Start of Information shown

(* Let $(\mathcal A,\mathcal T,(-))$ be a meta-tangible $\mathcal T$-triple and let $a_1\neq a_2$ be elements of $\mathcal T$ with $a_1+a_2=a_2$. Then $a_1(-)a_2=(-)a_2$, equivalently $a_2(-)a_1=a_2$.
   Context: $(\mathcal A,+,\mathbb 0)$ commutative monoid, $\mathcal T\subseteq\mathcal A\setminus\{\mathbb 0\}$. A negation map is $(-):\mathcal A\to\mathcal A$ with $(-)(b_1+b_2)=(-)b_1+(-)b_2$, $(-)((-)b)=b$, $(-)\mathbb 0=\mathbb 0$, $(-)\mathcal T\subseteq\mathcal T$. Write $b(-)c:=b+((-)c)$, $b^\circ:=b(-)b$, $\mathcal A^\circ=\{b^\circ:b\in\mathcal A\}$. A $\mathcal T$-triple $(\mathcal A,\mathcal T,(-))$: such data with an action $\mathcal T\times\mathcal A\to\mathcal A$ satisfying $a(b_1+b_2)=ab_1+ab_2$, $a\mathbb 0=\mathbb 0$, $(-)(ab)=((-)a)b=a((-)b)$, with $\mathcal T\cap\mathcal A^\circ=\emptyset$ and every element of $\mathcal A$ a finite sum of elements of $\mathcal T$. The triple is meta-tangible if $a+b\in\mathcal T$ for all $a,b\in\mathcal T$ with $b\neq(-)a$. *)

theory Defs
  imports Main
begin

text \<open>The ambient commutative monoid (A,+,0) is the type 'a (class comm_monoid_add).
  T is a subset, neg is the negation map, act is the action T x A -> A
  (only its values act a b with a in T are constrained).\<close>

definition neg_map :: "'a::comm_monoid_add set \<Rightarrow> ('a \<Rightarrow> 'a) \<Rightarrow> bool" where
  "neg_map T neg \<longleftrightarrow>
     (\<forall>b1 b2. neg (b1 + b2) = neg b1 + neg b2) \<and>
     (\<forall>b. neg (neg b) = b) \<and>
     neg 0 = 0 \<and>
     neg ` T \<subseteq> T"

definition circ_set :: "('a::comm_monoid_add \<Rightarrow> 'a) \<Rightarrow> 'a set" where
  "circ_set neg = {b + neg b | b. True}"

definition T_triple ::
  "'a::comm_monoid_add set \<Rightarrow> ('a \<Rightarrow> 'a) \<Rightarrow> ('a \<Rightarrow> 'a \<Rightarrow> 'a) \<Rightarrow> bool" where
  "T_triple T neg act \<longleftrightarrow>
     T \<subseteq> UNIV - {0} \<and>
     neg_map T neg \<and>
     (\<forall>a\<in>T. \<forall>b1 b2. act a (b1 + b2) = act a b1 + act a b2) \<and>
     (\<forall>a\<in>T. act a 0 = 0) \<and>
     (\<forall>a\<in>T. \<forall>b. neg (act a b) = act (neg a) b \<and> act (neg a) b = act a (neg b)) \<and>
     T \<inter> circ_set neg = {} \<and>
     (\<forall>x. \<exists>xs. set xs \<subseteq> T \<and> x = sum_list xs)"

definition meta_tangible ::
  "'a::comm_monoid_add set \<Rightarrow> ('a \<Rightarrow> 'a) \<Rightarrow> ('a \<Rightarrow> 'a \<Rightarrow> 'a) \<Rightarrow> bool" where
  "meta_tangible T neg act \<longleftrightarrow>
     T_triple T neg act \<and> (\<forall>a\<in>T. \<forall>b\<in>T. b \<noteq> neg a \<longrightarrow> a + b \<in> T)"

end

theory Submission
  imports Defs
begin

text \<open>Put c = a1 (-) a2. It is tangible, since (-)a2 \<noteq> (-)a1. Absorption gives
  c + a2 = a2 (-) a2, a quasi-zero and hence not tangible; by meta-tangibility this forces
  a2 = (-)c, i.e. c = (-)a2. Applying (-) to this identity yields a2 (-) a1 = a2.\<close>

lemma neg_map_add: "neg_map T neg \<Longrightarrow> neg (x + y) = neg x + neg y"
  unfolding neg_map_def by blast

lemma neg_map_neg_neg: "neg_map T neg \<Longrightarrow> neg (neg x) = x"
  unfolding neg_map_def by blast

lemma neg_map_neg_in: "neg_map T neg \<Longrightarrow> a \<in> T \<Longrightarrow> neg a \<in> T"
  unfolding neg_map_def by blast

lemma neg_map_neg_eq_iff: "neg_map T neg \<Longrightarrow> neg x = neg y \<longleftrightarrow> x = y"
  by (metis neg_map_neg_neg)

lemma T_triple_neg_map: "T_triple T neg act \<Longrightarrow> neg_map T neg"
  unfolding T_triple_def by blast

lemma T_triple_quasi_zero_not_in: "T_triple T neg act \<Longrightarrow> b + neg b \<notin> T"
  unfolding T_triple_def circ_set_def by blast

lemma meta_tangible_T_triple: "meta_tangible T neg act \<Longrightarrow> T_triple T neg act"
  unfolding meta_tangible_def by blast

lemma meta_tangible_add_in:
  "meta_tangible T neg act \<Longrightarrow> a \<in> T \<Longrightarrow> b \<in> T \<Longrightarrow> b \<noteq> neg a \<Longrightarrow> a + b \<in> T"
  unfolding meta_tangible_def by blast

lemma meta_tangible_add_not_in_imp_neg:
  "meta_tangible T neg act \<Longrightarrow> a \<in> T \<Longrightarrow> b \<in> T \<Longrightarrow> a + b \<notin> T \<Longrightarrow> b = neg a"
  using meta_tangible_add_in by blast

theorem lemma7p11:
  fixes T :: "'a::comm_monoid_add set" and neg :: "'a \<Rightarrow> 'a" and act :: "'a \<Rightarrow> 'a \<Rightarrow> 'a"
    and a1 a2 :: 'a
  assumes "meta_tangible T neg act"
    and "a1 \<in> T" and "a2 \<in> T" and "a1 \<noteq> a2"
    and "a1 + a2 = a2"
  shows "a1 + neg a2 = neg a2 \<and> a2 + neg a1 = a2"
proof -
  have tt: "T_triple T neg act" and nm: "neg_map T neg"
    using assms(1) meta_tangible_T_triple T_triple_neg_map by blast+
  note neg_add = neg_map_add[OF nm] and neg_neg = neg_map_neg_neg[OF nm]
  define c where "c = a1 + neg a2"
  have "neg a2 \<noteq> neg a1"
    using assms(4) neg_map_neg_eq_iff[OF nm] by simp
  then have c_in: "c \<in> T"
    unfolding c_def by (rule meta_tangible_add_in[OF assms(1,2) neg_map_neg_in[OF nm assms(3)]])
  have "c + a2 = a2 + neg a2"
    unfolding c_def using assms(5) by (metis add.assoc add.commute)
  then have "c + a2 \<notin> T"
    using T_triple_quasi_zero_not_in[OF tt] by metis
  then have "a2 = neg c"
    by (rule meta_tangible_add_not_in_imp_neg[OF assms(1) c_in assms(3)])
  then have c_eq: "c = neg a2"
    using neg_neg by metis
  have "a2 + neg a1 = neg c"
    unfolding c_def neg_add neg_neg by (rule add.commute)
  also have "\<dots> = a2"
    using c_eq neg_neg by metis
  finally show ?thesis
    using c_eq unfolding c_def by simp
qed

end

End of Information shown

[Problem requirements] The records above should be repeated in full, exactly as given.

[Response below]
(* Let $(\mathcal A,\mathcal T,(-))$ be a meta-tangible $\mathcal T$-triple and let $a_1\neq a_2$ be elements of $\mathcal T$ with $a_1+a_2=a_2$. Then $a_1(-)a_2=(-)a_2$, equivalently $a_2(-)a_1=a_2$.
   Context: $(\mathcal A,+,\mathbb 0)$ commutative monoid, $\mathcal T\subseteq\mathcal A\setminus\{\mathbb 0\}$. A negation map is $(-):\mathcal A\to\mathcal A$ with $(-)(b_1+b_2)=(-)b_1+(-)b_2$, $(-)((-)b)=b$, $(-)\mathbb 0=\mathbb 0$, $(-)\mathcal T\subseteq\mathcal T$. Write $b(-)c:=b+((-)c)$, $b^\circ:=b(-)b$, $\mathcal A^\circ=\{b^\circ:b\in\mathcal A\}$. A $\mathcal T$-triple $(\mathcal A,\mathcal T,(-))$: such data with an action $\mathcal T\times\mathcal A\to\mathcal A$ satisfying $a(b_1+b_2)=ab_1+ab_2$, $a\mathbb 0=\mathbb 0$, $(-)(ab)=((-)a)b=a((-)b)$, with $\mathcal T\cap\mathcal A^\circ=\emptyset$ and every element of $\mathcal A$ a finite sum of elements of $\mathcal T$. The triple is meta-tangible if $a+b\in\mathcal T$ for all $a,b\in\mathcal T$ with $b\neq(-)a$. *)

theory Defs
  imports Main
begin

text \<open>The ambient commutative monoid (A,+,0) is the type 'a (class comm_monoid_add).
  T is a subset, neg is the negation map, act is the action T x A -> A
  (only its values act a b with a in T are constrained).\<close>

definition neg_map :: "'a::comm_monoid_add set \<Rightarrow> ('a \<Rightarrow> 'a) \<Rightarrow> bool" where
  "neg_map T neg \<longleftrightarrow>
     (\<forall>b1 b2. neg (b1 + b2) = neg b1 + neg b2) \<and>
     (\<forall>b. neg (neg b) = b) \<and>
     neg 0 = 0 \<and>
     neg ` T \<subseteq> T"

definition circ_set :: "('a::comm_monoid_add \<Rightarrow> 'a) \<Rightarrow> 'a set" where
  "circ_set neg = {b + neg b | b. True}"

definition T_triple ::
  "'a::comm_monoid_add set \<Rightarrow> ('a \<Rightarrow> 'a) \<Rightarrow> ('a \<Rightarrow> 'a \<Rightarrow> 'a) \<Rightarrow> bool" where
  "T_triple T neg act \<longleftrightarrow>
     T \<subseteq> UNIV - {0} \<and>
     neg_map T neg \<and>
     (\<forall>a\<in>T. \<forall>b1 b2. act a (b1 + b2) = act a b1 + act a b2) \<and>
     (\<forall>a\<in>T. act a 0 = 0) \<and>
     (\<forall>a\<in>T. \<forall>b. neg (act a b) = act (neg a) b \<and> act (neg a) b = act a (neg b)) \<and>
     T \<inter> circ_set neg = {} \<and>
     (\<forall>x. \<exists>xs. set xs \<subseteq> T \<and> x = sum_list xs)"

definition meta_tangible ::
  "'a::comm_monoid_add set \<Rightarrow> ('a \<Rightarrow> 'a) \<Rightarrow> ('a \<Rightarrow> 'a \<Rightarrow> 'a) \<Rightarrow> bool" where
  "meta_tangible T neg act \<longleftrightarrow>
     T_triple T neg act \<and> (\<forall>a\<in>T. \<forall>b\<in>T. b \<noteq> neg a \<longrightarrow> a + b \<in> T)"

end

theory Submission
  imports Defs
begin

text \<open>Put c = a1 (-) a2. It is tangible, since (-)a2 \<noteq> (-)a1. Absorption gives
  c + a2 = a2 (-) a2, a quasi-zero and hence not tangible; by meta-tangibility this forces
  a2 = (-)c, i.e. c = (-)a2. Applying (-) to this identity yields a2 (-) a1 = a2.\<close>

lemma neg_map_add: "neg_map T neg \<Longrightarrow> neg (x + y) = neg x + neg y"
  unfolding neg_map_def by blast

lemma neg_map_neg_neg: "neg_map T neg \<Longrightarrow> neg (neg x) = x"
  unfolding neg_map_def by blast

lemma neg_map_neg_in: "neg_map T neg \<Longrightarrow> a \<in> T \<Longrightarrow> neg a \<in> T"
  unfolding neg_map_def by blast

lemma neg_map_neg_eq_iff: "neg_map T neg \<Longrightarrow> neg x = neg y \<longleftrightarrow> x = y"
  by (metis neg_map_neg_neg)

lemma T_triple_neg_map: "T_triple T neg act \<Longrightarrow> neg_map T neg"
  unfolding T_triple_def by blast

lemma T_triple_quasi_zero_not_in: "T_triple T neg act \<Longrightarrow> b + neg b \<notin> T"
  unfolding T_triple_def circ_set_def by blast

lemma meta_tangible_T_triple: "meta_tangible T neg act \<Longrightarrow> T_triple T neg act"
  unfolding meta_tangible_def by blast

lemma meta_tangible_add_in:
  "meta_tangible T neg act \<Longrightarrow> a \<in> T \<Longrightarrow> b \<in> T \<Longrightarrow> b \<noteq> neg a \<Longrightarrow> a + b \<in> T"
  unfolding meta_tangible_def by blast

lemma meta_tangible_add_not_in_imp_neg:
  "meta_tangible T neg act \<Longrightarrow> a \<in> T \<Longrightarrow> b \<in> T \<Longrightarrow> a + b \<notin> T \<Longrightarrow> b = neg a"
  using meta_tangible_add_in by blast

theorem lemma7p11:
  fixes T :: "'a::comm_monoid_add set" and neg :: "'a \<Rightarrow> 'a" and act :: "'a \<Rightarrow> 'a \<Rightarrow> 'a"
    and a1 a2 :: 'a
  assumes "meta_tangible T neg act"
    and "a1 \<in> T" and "a2 \<in> T" and "a1 \<noteq> a2"
    and "a1 + a2 = a2"
  shows "a1 + neg a2 = neg a2 \<and> a2 + neg a1 = a2"
proof -
  have tt: "T_triple T neg act" and nm: "neg_map T neg"
    using assms(1) meta_tangible_T_triple T_triple_neg_map by blast+
  note neg_add = neg_map_add[OF nm] and neg_neg = neg_map_neg_neg[OF nm]
  define c where "c = a1 + neg a2"
  have "neg a2 \<noteq> neg a1"
    using assms(4) neg_map_neg_eq_iff[OF nm] by simp
  then have c_in: "c \<in> T"
    unfolding c_def by (rule meta_tangible_add_in[OF assms(1,2) neg_map_neg_in[OF nm assms(3)]])
  have "c + a2 = a2 + neg a2"
    unfolding c_def using assms(5) by (metis add.assoc add.commute)
  then have "c + a2 \<notin> T"
    using T_triple_quasi_zero_not_in[OF tt] by metis
  then have "a2 = neg c"
    by (rule meta_tangible_add_not_in_imp_neg[OF assms(1) c_in assms(3)])
  then have c_eq: "c = neg a2"
    using neg_neg by metis
  have "a2 + neg a1 = neg c"
    unfolding c_def neg_add neg_neg by (rule add.commute)
  also have "\<dots> = a2"
    using c_eq neg_neg by metis
  finally show ?thesis
    using c_eq unfolding c_def by simp
qed

end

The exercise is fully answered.